Microsoft stores Windows 10 users’ encryption key

30 Dec 2015

Microsoft might be jeopardising users' data with its built-in disk encryption feature in Windows 10.

According to commentators, as Windows 10 was set to automatically upload users' recovery key to Microsoft's servers, it was vulnerable in the event of a security breach.

Windows 10 ships with a device encryption feature that was enabled by default, which ensured protection of users' data on the computer for those who used a Microsoft account (Outlook/Live email) as a method of signing in.

However, this also meant that Microsoft had users' encryption key, according to The Intercept.

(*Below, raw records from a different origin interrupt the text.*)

(* Let $(I,\preccurlyeq)$ be a directed set, let $S(\Lambda^{\preccurlyeq})$ be a direct spectrum over $(I,\preccurlyeq)$ with sets $\lambda_0(i)$, transports $\lambda^{\preccurlyeq}_{ij}$ and Bishop spaces $\mathcal F_i=(\lambda_0(i),F_i)$, let $\mathcal F=(X,F)$ be a Bishop space, and let $\mathcal F\to S(\Lambda^{\preccurlyeq})$ be the direct spectrum over $(I,\preccurlyeq)$ with sets $\mathrm{Mor}(\mathcal F,\mathcal F_i)$, transports $(\lambda^{\preccurlyeq}_{ij})^-:\mathrm{Mor}(\mathcal F,\mathcal F_i)\to\mathrm{Mor}(\mathcal F,\mathcal F_j)$, $\theta\mapsto\lambda^{\preccurlyeq}_{ij}\circ\theta$ (for $i\preccurlyeq j$), and Bishop spaces $\mathcal F\to\mathcal F_i$. Then there is a map $\widehat{\ }:\underset{\to}{\mathrm{Lim}}\,[\mathrm{Mor}(\mathcal F,\mathcal F_i)]\to\mathrm{Mor}(\mathcal F,\underset{\to}{\mathrm{Lim}}\,\mathcal F_i)$ with $\widehat{\ }\in\mathrm{Mor}(\underset{\to}{\mathrm{Lim}}\,(\mathcal F\to\mathcal F_i),\mathcal F\to\underset{\to}{\mathrm{Lim}}\,\mathcal F_i)$.
   Context: Work in Bishop-style constructive mathematics. A directed set: a set with a reflexive transitive relation respecting equality, any two elements having a common upper bound. A direct family over $(I,\preccurlyeq)$: sets $\lambda_0(i)$ and functions $\lambda^{\preccurlyeq}_{ij}:\lambda_0(i)\to\lambda_0(j)$ for $i\preccurlyeq j$ with $\lambda^{\preccurlyeq}_{ii}=\mathrm{id}$ and $\lambda^{\preccurlyeq}_{ik}=\lambda^{\preccurlyeq}_{jk}\circ\lambda^{\preccurlyeq}_{ij}$. Bishop spaces: a Bishop topology on $X$ is a set $F$ of functions $X\to\mathbb R$ containing constants, closed under addition, composition with functions $\mathbb R\to\mathbb R$ uniformly continuous on every $[-n,n]$, and uniform limits; $\bigvee F_0$ = least Bishop topology containing $F_0$; Bishop morphism $(X,F)\to(Y,G)$: function $h$ with $g\circ h\in F$ for all $g\in G$. Exponential: $\mathcal F\to\mathcal G=(\mathrm{Mor}(\mathcal F,\mathcal G),\bigvee\{\phi_{x,g}:x\in X,g\in G\})$, $\phi_{x,g}(h)=g(h(x))$. A direct spectrum: a direct family with Bishop topologies $F_i$ on each set making all transports Bishop morphisms. Direct limit of a direct spectrum (sets $\lambda_0(i)$, transports $\lambda^{\preccurlyeq}_{ij}$, topologies $F_i$): $\sum^{\preccurlyeq}\lambda_0(i)$ = pairs $(i,x)$ with $(i,x)=(j,y)$ iff there is $k\succcurlyeq i,j$ with $\lambda^{\preccurlyeq}_{ik}(x)=\lambda^{\preccurlyeq}_{jk}(y)$; $\underset{\to}{\mathrm{Lim}}\,\lambda_0(i)$ = classes $\mathrm{eql}_0(i,x)$ under this equality; $\prod^{\succcurlyeq}F_i$ = dependent $\Theta$ with $\Theta_i\in F_i$ and $\Theta_i=\Theta_j\circ\lambda^{\preccurlyeq}_{ij}$ for $i\preccurlyeq j$; $\underset{\to}{\mathrm{Lim}}\,\mathcal F_i=(\underset{\to}{\mathrm{Lim}}\,\lambda_0(i),\bigvee\{\mathrm{eql}_0f_\Theta:\Theta\in\prod^{\succcurlyeq}F_i\})$ with $\mathrm{eql}_0f_\Theta(\mathrm{eql}_0(i,x))=\Theta_i(x)$. *)

theory Defs
  imports "HOL-Analysis.Analysis"
begin

definition Bu :: "(real \<Rightarrow> real) set" where
  "Bu = {\<phi>. \<forall>n::nat. uniformly_continuous_on {- real n .. real n} \<phi>}"

text \<open>A Bishop topology on the carrier X. Functions are HOL functions, and
  equality of functions X -> R is extensional equality on X, so F is required
  to respect it.\<close>
definition bishop_top :: "'x set \<Rightarrow> ('x \<Rightarrow> real) set \<Rightarrow> bool" where
  "bishop_top X F \<longleftrightarrow>
     (\<forall>f\<in>F. \<forall>g. (\<forall>x\<in>X. f x = g x) \<longrightarrow> g \<in> F) \<and>
     (\<forall>c. (\<lambda>x. c) \<in> F) \<and>
     (\<forall>f\<in>F. \<forall>g\<in>F. (\<lambda>x. f x + g x) \<in> F) \<and>
     (\<forall>f\<in>F. \<forall>\<phi>\<in>Bu. (\<phi> \<circ> f) \<in> F) \<and>
     (\<forall>fs f. (\<forall>n::nat. fs n \<in> F) \<and>
        (\<forall>e>0. \<exists>N. \<forall>n\<ge>N. \<forall>x\<in>X. \<bar>fs n x - f x\<bar> < e) \<longrightarrow> f \<in> F)"
lemma prod_expect_cong:
  assumes "\<And>z. z \<in> I \<rightarrow>\<^sub>E UNIV \<Longrightarrow> F z = G z"
  shows "prod_expect w I F = prod_expect w I G"
  unfolding prod_expect_def using assms by (intro sum.cong) auto

lemma prod_expect_add: "prod_expect w I (\<lambda>z. F z + G z) = prod_expect w I F + prod_expect w I G"
  unfolding prod_expect_def by (simp add: distrib_left sum.distrib)

lemma prod_expect_diff: "prod_expect w I (\<lambda>z. F z - G z) = prod_expect w I F - prod_expect w I G"
  unfolding prod_expect_def by (simp add: right_diff_distrib sum_subtractf)

lemma prod_expect_cmult: "prod_expect w I (\<lambda>z. c * F z) = c * prod_expect w I F"
  unfolding prod_expect_def by (simp add: sum_distrib_left mult_ac)

lemma prod_expect_sum:
  "finite A \<Longrightarrow> prod_expect w I (\<lambda>z. \<Sum>a\<in>A. F a z) = (\<Sum>a\<in>A. prod_expect w I (F a))"
  by (induction A rule: finite_induct) (simp_all add: prod_expect_add, simp add: prod_expect_def)

lemma prod_expect_mono:
  assumes "\<And>c. w c \<ge> 0" "\<And>z. z \<in> I \<rightarrow>\<^sub>E UNIV \<Longrightarrow> F z \<le> G z"
  shows "prod_expect w I F \<le> prod_expect w I G"
  unfolding prod_expect_def using assms by (intro sum_mono mult_left_mono prod_nonneg) auto

lemma prod_expect_nonneg:
  assumes "\<And>c. w c \<ge> 0" "\<And>z. F z \<ge> 0"
  shows "prod_expect w I F \<ge> 0"
  unfolding prod_expect_def using assms by (intro sum_nonneg mult_nonneg_nonneg prod_nonneg) auto

lemma prod_expect_const:
  assumes "finite I" "sum w UNIV = 1"
  shows "prod_expect w I (\<lambda>_. k) = k"
  using assms(1)
proof (induction I rule: finite_induct)
  case empty
  then show ?case by (simp add: prod_expect_empty)
next
  case (insert i I)
  then show ?case using assms(2) by (simp add: prod_expect_insert sum_distrib_right[symmetric])
qed

lemma depends_on_fun_upd: "depends_on F J \<Longrightarrow> depends_on (\<lambda>z. F (z(i:=c))) (J - {i})"
  unfolding depends_on_def
proof (intro allI impI)
  fix z z' :: "nat \<Rightarrow> 'a"
  assume "\<forall>z z'. (\<forall>j\<in>J. z j = z' j) \<longrightarrow> F z = F z'" and "\<forall>j\<in>J - {i}. z j = z' j"
  moreover have "\<forall>j\<in>J. (z(i:=c)) j = (z'(i:=c)) j" using calculation(2) by simp
  ultimately show "F (z(i:=c)) = F (z'(i:=c))" by blast
qed

lemma depends_on_fun_upd_eq: "depends_on F J \<Longrightarrow> i \<notin> J \<Longrightarrow> F (z(i:=c)) = F z"
  unfolding depends_on_def
proof -
  assume "\<forall>z z'. (\<forall>j\<in>J. z j = z' j) \<longrightarrow> F z = F z'" and "i \<notin> J"
  moreover have "\<forall>j\<in>J. (z(i:=c)) j = z j" using calculation(2) by auto
  ultimately show ?thesis by blast
qed

lemma depends_on_prod:
  assumes "\<And>j. j \<in> A \<Longrightarrow> depends_on (F j) (B j)" "\<And>j. j \<in> A \<Longrightarrow> B j \<subseteq> K"
  shows "depends_on (\<lambda>z. \<Prod>j\<in>A. F j z) K"
  using assms unfolding depends_on_def by (intro allI impI prod.cong refl) blast

lemma depends_on_card: "depends_on (\<lambda>x. g (card {i\<in>B. x i})) B"
  unfolding depends_on_def by (intro allI impI arg_cong[where f="\<lambda>S. g (card S)"] Collect_cong) auto

lemma prod_expect_mult_indep:
  assumes "finite I"
  shows "J \<subseteq> I \<Longrightarrow> depends_on F J \<Longrightarrow> depends_on G (I - J) \<Longrightarrow>
         prod_expect w I (\<lambda>z. F z * G z) = prod_expect w J F * prod_expect w (I - J) G"
  using assms
proof (induction I arbitrary: J F G rule: finite_induct)
  case empty
  then show ?case by (simp add: prod_expect_empty)
next
  case (insert i I)
  show ?case
  proof (cases "i \<in> J")
    case True
    have fin: "finite (J - {i})" using insert by (meson finite_Diff finite_insert finite_subset)
    have G_upd: "G (z(i:=c)) = G z" for z c
      using depends_on_fun_upd_eq[OF insert.prems(3)] True by blast
    have IH: "prod_expect w I (\<lambda>z. F (z(i:=c)) * G z) =
        prod_expect w (J - {i}) (\<lambda>z. F (z(i:=c))) * prod_expect w (insert i I - J) G" for c
    proof -
      have eq: "I - (J - {i}) = insert i I - J" using True insert.hyps by auto
      have "J - {i} \<subseteq> I" using insert.prems(1) by auto
      moreover have "depends_on G (I - (J - {i}))" using insert.prems(3) eq by simp
      ultimately show ?thesis
        using insert.IH[OF _ depends_on_fun_upd[OF insert.prems(2)]] by (simp only: eq)
    qed
    have "prod_expect w (insert i I) (\<lambda>z. F z * G z) =
          (\<Sum>c\<in>UNIV. w c * prod_expect w (J - {i}) (\<lambda>z. F (z(i:=c)))) * prod_expect w (insert i I - J) G"
      using insert.hyps by (simp add: prod_expect_insert G_upd IH sum_distrib_right mult.assoc)
    also have "(\<Sum>c\<in>UNIV. w c * prod_expect w (J - {i}) (\<lambda>z. F (z(i:=c)))) = prod_expect w J F"
      using prod_expect_insert[OF fin, of i w F] True by (simp add: insert_absorb)
    finally show ?thesis .
  next
    case False
    have F_upd: "F (z(i:=c)) = F z" for z c
      using depends_on_fun_upd_eq[OF insert.prems(2) False] .
    have IH: "prod_expect w I (\<lambda>z. F z * G (z(i:=c))) =
        prod_expect w J F * prod_expect w (I - J) (\<lambda>z. G (z(i:=c)))" for c
    proof -
      have eq: "insert i I - J - {i} = I - J" using insert.hyps by auto
      have "J \<subseteq> I" using insert.prems(1) False by auto
      moreover have "depends_on (\<lambda>z. G (z(i:=c))) (I - J)"
        using depends_on_fun_upd[OF insert.prems(3), of i c] by (simp only: eq)
      ultimately show ?thesis using insert.IH[OF _ insert.prems(2)] by simp
    qed
    have "prod_expect w (insert i I) (\<lambda>z. F z * G z) =
          prod_expect w J F * (\<Sum>c\<in>UNIV. w c * prod_expect w (I - J) (\<lambda>z. G (z(i:=c))))"
      using insert.hyps by (simp add: prod_expect_insert F_upd IH sum_distrib_left mult_ac)
    also have "(\<Sum>c\<in>UNIV. w c * prod_expect w (I - J) (\<lambda>z. G (z(i:=c)))) = prod_expect w (insert i I - J) G"
      using prod_expect_insert[of "I - J" i w G] insert.hyps False by (simp add: insert_Diff_if)
    finally show ?thesis .
  qed
qed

If hackers accessed a Microsoft account, they could access this recovery key. Also, in case of an attack on Microsoft's server, the privacy of the user could also be compromised. There were several other scenarios in which unauthorised personnel could gain access to user computer's recovery key.

More expensive versions of Windows 10 - Pro and Enterprise – come with software installed called BitLocker, which allows users' to encrypt their device without sending the key to Microsoft. They could print it or save it to an external drive instead, however, this was not available to Windows Home users.

According to commentators, it was also possible for users to delete their key from Microsoft's servers once it had been uploaded. However, there was no way to avoid uploading it in the first place, which might put off most security-conscious users.